(Records excerpted from a collection)

______

(* If a closure model $\mathcal{M}=((X,\mathcal{C}_R),\mathcal{V})$ is quasi-discrete, finitely closed and finitely backward closed, then for all $x_1,x_2\in X$: $x_1\simeq x_2$ iff $x_1\equiv_{SLCS}x_2$.
   Context: Quasi-discrete closure model: $\mathcal{C}_R(A)=A\cup\{x\mid\exists a\in A.\ aRx\}$, $\vec{\mathcal{C}}(x)=\mathcal{C}_R(\{x\})$, $\overleftarrow{\mathcal{C}}(x)=\mathcal{C}_{R^{-1}}(\{x\})$, $\mathcal{V}:AP\to\mathcal{P}(X)$, $\mathcal{V}^{-1}(x)=\{p\mid x\in\mathcal{V}(p)\}$; finitely (backward) closed: every $\vec{\mathcal{C}}(x)$ (resp. $\overleftarrow{\mathcal{C}}(x)$) is finite. Path: $\pi:\mathbb{N}\to X$ with $\pi[\mathcal{C}_{succ}(N)]\subseteq\mathcal{C}_R(\pi[N])$ for all $N\subseteq\mathbb{N}$, $\mathcal{C}_{succ}$ the closure based on $n\mapsto n+1$. SLCS: $\Phi::=p\mid\neg\Phi\mid\Phi\lor\Phi\mid\vec\rho\,\Phi_1[\Phi_2]\mid\overleftarrow\rho\,\Phi_1[\Phi_2]$; $x\models\vec\rho\,\Phi_1[\Phi_2]$ iff some path $\pi$ and $\ell$ have $\pi(0)=x$, $\pi(\ell)\models\Phi_1$, $\pi(j)\models\Phi_2$ for $0<j<\ell$; $x\models\overleftarrow\rho\,\Phi_1[\Phi_2]$ iff some path $\pi$ and $\ell$ have $\pi(\ell)=x$, $\pi(0)\models\Phi_1$, $\pi(j)\models\Phi_2$ for $0<j<\ell$. $\equiv_{SLCS}$: same SLCS formulas. $\simeq$: union of all non-empty equivalence relations $B$ with $(x_1,x_2)\in B\Rightarrow\mathcal{V}^{-1}(x_1)=\mathcal{V}^{-1}(x_2)$ and for all $C\in X/B$, $\vec{\mathcal{C}}(x_1)\cap C\neq\emptyset\iff\vec{\mathcal{C}}(x_2)\cap C\neq\emptyset$ and $\overleftarrow{\mathcal{C}}(x_1)\cap C\neq\emptyset\iff\overleftarrow{\mathcal{C}}(x_2)\cap C\neq\emptyset$. *)

theory Defs
  imports Main
begin

text \<open>Quasi-discrete closure model: carrier is the type 'a (X), closure given by a
relation R, valuation V :: 'p => 'a set (AP = type 'p).\<close>

definition clR :: "('a \<times> 'a) set \<Rightarrow> 'a set \<Rightarrow> 'a set" where
  "clR R A = A \<union> {x. \<exists>a\<in>A. (a, x) \<in> R}"

definition fwdC :: "('a \<times> 'a) set \<Rightarrow> 'a \<Rightarrow> 'a set" where
  "fwdC R x = clR R {x}"

definition bwdC :: "('a \<times> 'a) set \<Rightarrow> 'a \<Rightarrow> 'a set" where
  "bwdC R x = clR (R\<inverse>) {x}"

definition Vinv :: "('p \<Rightarrow> 'a set) \<Rightarrow> 'a \<Rightarrow> 'p set" where
  "Vinv V x = {p. x \<in> V p}"

definition finitely_closed :: "('a \<times> 'a) set \<Rightarrow> bool" where
  "finitely_closed R \<longleftrightarrow> (\<forall>x. finite (fwdC R x))"

definition finitely_backward_closed :: "('a \<times> 'a) set \<Rightarrow> bool" where
  "finitely_backward_closed R \<longleftrightarrow> (\<forall>x. finite (bwdC R x))"

definition succ_rel :: "(nat \<times> nat) set" where
  "succ_rel = {(n, m). m = Suc n}"

definition is_path :: "('a \<times> 'a) set \<Rightarrow> (nat \<Rightarrow> 'a) \<Rightarrow> bool" where
  "is_path R \<pi> \<longleftrightarrow> (\<forall>N. \<pi> ` (clR succ_rel N) \<subseteq> clR R (\<pi> ` N))"

datatype 'p slcs =
    Atom 'p
  | Neg "'p slcs"
  | Disj "'p slcs" "'p slcs"
  | RhoF "'p slcs" "'p slcs"
  | RhoB "'p slcs" "'p slcs"

fun sat :: "('a \<times> 'a) set \<Rightarrow> ('p \<Rightarrow> 'a set) \<Rightarrow> 'a \<Rightarrow> 'p slcs \<Rightarrow> bool" where
  "sat R V x (Atom p) = (x \<in> V p)"
| "sat R V x (Neg \<phi>) = (\<not> sat R V x \<phi>)"
| "sat R V x (Disj \<phi> \<psi>) = (sat R V x \<phi> \<or> sat R V x \<psi>)"
| "sat R V x (RhoF \<phi>1 \<phi>2) =
     (\<exists>\<pi> l. is_path R \<pi> \<and> \<pi> 0 = x \<and> sat R V (\<pi> l) \<phi>1 \<and>
            (\<forall>j. 0 < j \<and> j < l \<longrightarrow> sat R V (\<pi> j) \<phi>2))"
| "sat R V x (RhoB \<phi>1 \<phi>2) =
     (\<exists>\<pi> l. is_path R \<pi> \<and> \<pi> l = x \<and> sat R V (\<pi> 0) \<phi>1 \<and>
            (\<forall>j. 0 < j \<and> j < l \<longrightarrow> sat R V (\<pi> j) \<phi>2))"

______

## Exercise directions
Exact repetition of every record is required.

## Task result
(* If a closure model $\mathcal{M}=((X,\mathcal{C}_R),\mathcal{V})$ is quasi-discrete, finitely closed and finitely backward closed, then for all $x_1,x_2\in X$: $x_1\simeq x_2$ iff $x_1\equiv_{SLCS}x_2$.
   Context: Quasi-discrete closure model: $\mathcal{C}_R(A)=A\cup\{x\mid\exists a\in A.\ aRx\}$, $\vec{\mathcal{C}}(x)=\mathcal{C}_R(\{x\})$, $\overleftarrow{\mathcal{C}}(x)=\mathcal{C}_{R^{-1}}(\{x\})$, $\mathcal{V}:AP\to\mathcal{P}(X)$, $\mathcal{V}^{-1}(x)=\{p\mid x\in\mathcal{V}(p)\}$; finitely (backward) closed: every $\vec{\mathcal{C}}(x)$ (resp. $\overleftarrow{\mathcal{C}}(x)$) is finite. Path: $\pi:\mathbb{N}\to X$ with $\pi[\mathcal{C}_{succ}(N)]\subseteq\mathcal{C}_R(\pi[N])$ for all $N\subseteq\mathbb{N}$, $\mathcal{C}_{succ}$ the closure based on $n\mapsto n+1$. SLCS: $\Phi::=p\mid\neg\Phi\mid\Phi\lor\Phi\mid\vec\rho\,\Phi_1[\Phi_2]\mid\overleftarrow\rho\,\Phi_1[\Phi_2]$; $x\models\vec\rho\,\Phi_1[\Phi_2]$ iff some path $\pi$ and $\ell$ have $\pi(0)=x$, $\pi(\ell)\models\Phi_1$, $\pi(j)\models\Phi_2$ for $0<j<\ell$; $x\models\overleftarrow\rho\,\Phi_1[\Phi_2]$ iff some path $\pi$ and $\ell$ have $\pi(\ell)=x$, $\pi(0)\models\Phi_1$, $\pi(j)\models\Phi_2$ for $0<j<\ell$. $\equiv_{SLCS}$: same SLCS formulas. $\simeq$: union of all non-empty equivalence relations $B$ with $(x_1,x_2)\in B\Rightarrow\mathcal{V}^{-1}(x_1)=\mathcal{V}^{-1}(x_2)$ and for all $C\in X/B$, $\vec{\mathcal{C}}(x_1)\cap C\neq\emptyset\iff\vec{\mathcal{C}}(x_2)\cap C\neq\emptyset$ and $\overleftarrow{\mathcal{C}}(x_1)\cap C\neq\emptyset\iff\overleftarrow{\mathcal{C}}(x_2)\cap C\neq\emptyset$. *)

theory Defs
  imports Main
begin

text \<open>Quasi-discrete closure model: carrier is the type 'a (X), closure given by a
relation R, valuation V :: 'p => 'a set (AP = type 'p).\<close>

definition clR :: "('a \<times> 'a) set \<Rightarrow> 'a set \<Rightarrow> 'a set" where
  "clR R A = A \<union> {x. \<exists>a\<in>A. (a, x) \<in> R}"

definition fwdC :: "('a \<times> 'a) set \<Rightarrow> 'a \<Rightarrow> 'a set" where
  "fwdC R x = clR R {x}"

definition bwdC :: "('a \<times> 'a) set \<Rightarrow> 'a \<Rightarrow> 'a set" where
  "bwdC R x = clR (R\<inverse>) {x}"

definition Vinv :: "('p \<Rightarrow> 'a set) \<Rightarrow> 'a \<Rightarrow> 'p set" where
  "Vinv V x = {p. x \<in> V p}"

definition finitely_closed :: "('a \<times> 'a) set \<Rightarrow> bool" where
  "finitely_closed R \<longleftrightarrow> (\<forall>x. finite (fwdC R x))"

definition finitely_backward_closed :: "('a \<times> 'a) set \<Rightarrow> bool" where
  "finitely_backward_closed R \<longleftrightarrow> (\<forall>x. finite (bwdC R x))"

definition succ_rel :: "(nat \<times> nat) set" where
  "succ_rel = {(n, m). m = Suc n}"

definition is_path :: "('a \<times> 'a) set \<Rightarrow> (nat \<Rightarrow> 'a) \<Rightarrow> bool" where
  "is_path R \<pi> \<longleftrightarrow> (\<forall>N. \<pi> ` (clR succ_rel N) \<subseteq> clR R (\<pi> ` N))"

datatype 'p slcs =
    Atom 'p
  | Neg "'p slcs"
  | Disj "'p slcs" "'p slcs"
  | RhoF "'p slcs" "'p slcs"
  | RhoB "'p slcs" "'p slcs"

fun sat :: "('a \<times> 'a) set \<Rightarrow> ('p \<Rightarrow> 'a set) \<Rightarrow> 'a \<Rightarrow> 'p slcs \<Rightarrow> bool" where
  "sat R V x (Atom p) = (x \<in> V p)"
| "sat R V x (Neg \<phi>) = (\<not> sat R V x \<phi>)"
| "sat R V x (Disj \<phi> \<psi>) = (sat R V x \<phi> \<or> sat R V x \<psi>)"
| "sat R V x (RhoF \<phi>1 \<phi>2) =
     (\<exists>\<pi> l. is_path R \<pi> \<and> \<pi> 0 = x \<and> sat R V (\<pi> l) \<phi>1 \<and>
            (\<forall>j. 0 < j \<and> j < l \<longrightarrow> sat R V (\<pi> j) \<phi>2))"
| "sat R V x (RhoB \<phi>1 \<phi>2) =
     (\<exists>\<pi> l. is_path R \<pi> \<and> \<pi> l = x \<and> sat R V (\<pi> 0) \<phi>1 \<and>
            (\<forall>j. 0 < j \<and> j < l \<longrightarrow> sat R V (\<pi> j) \<phi>2))"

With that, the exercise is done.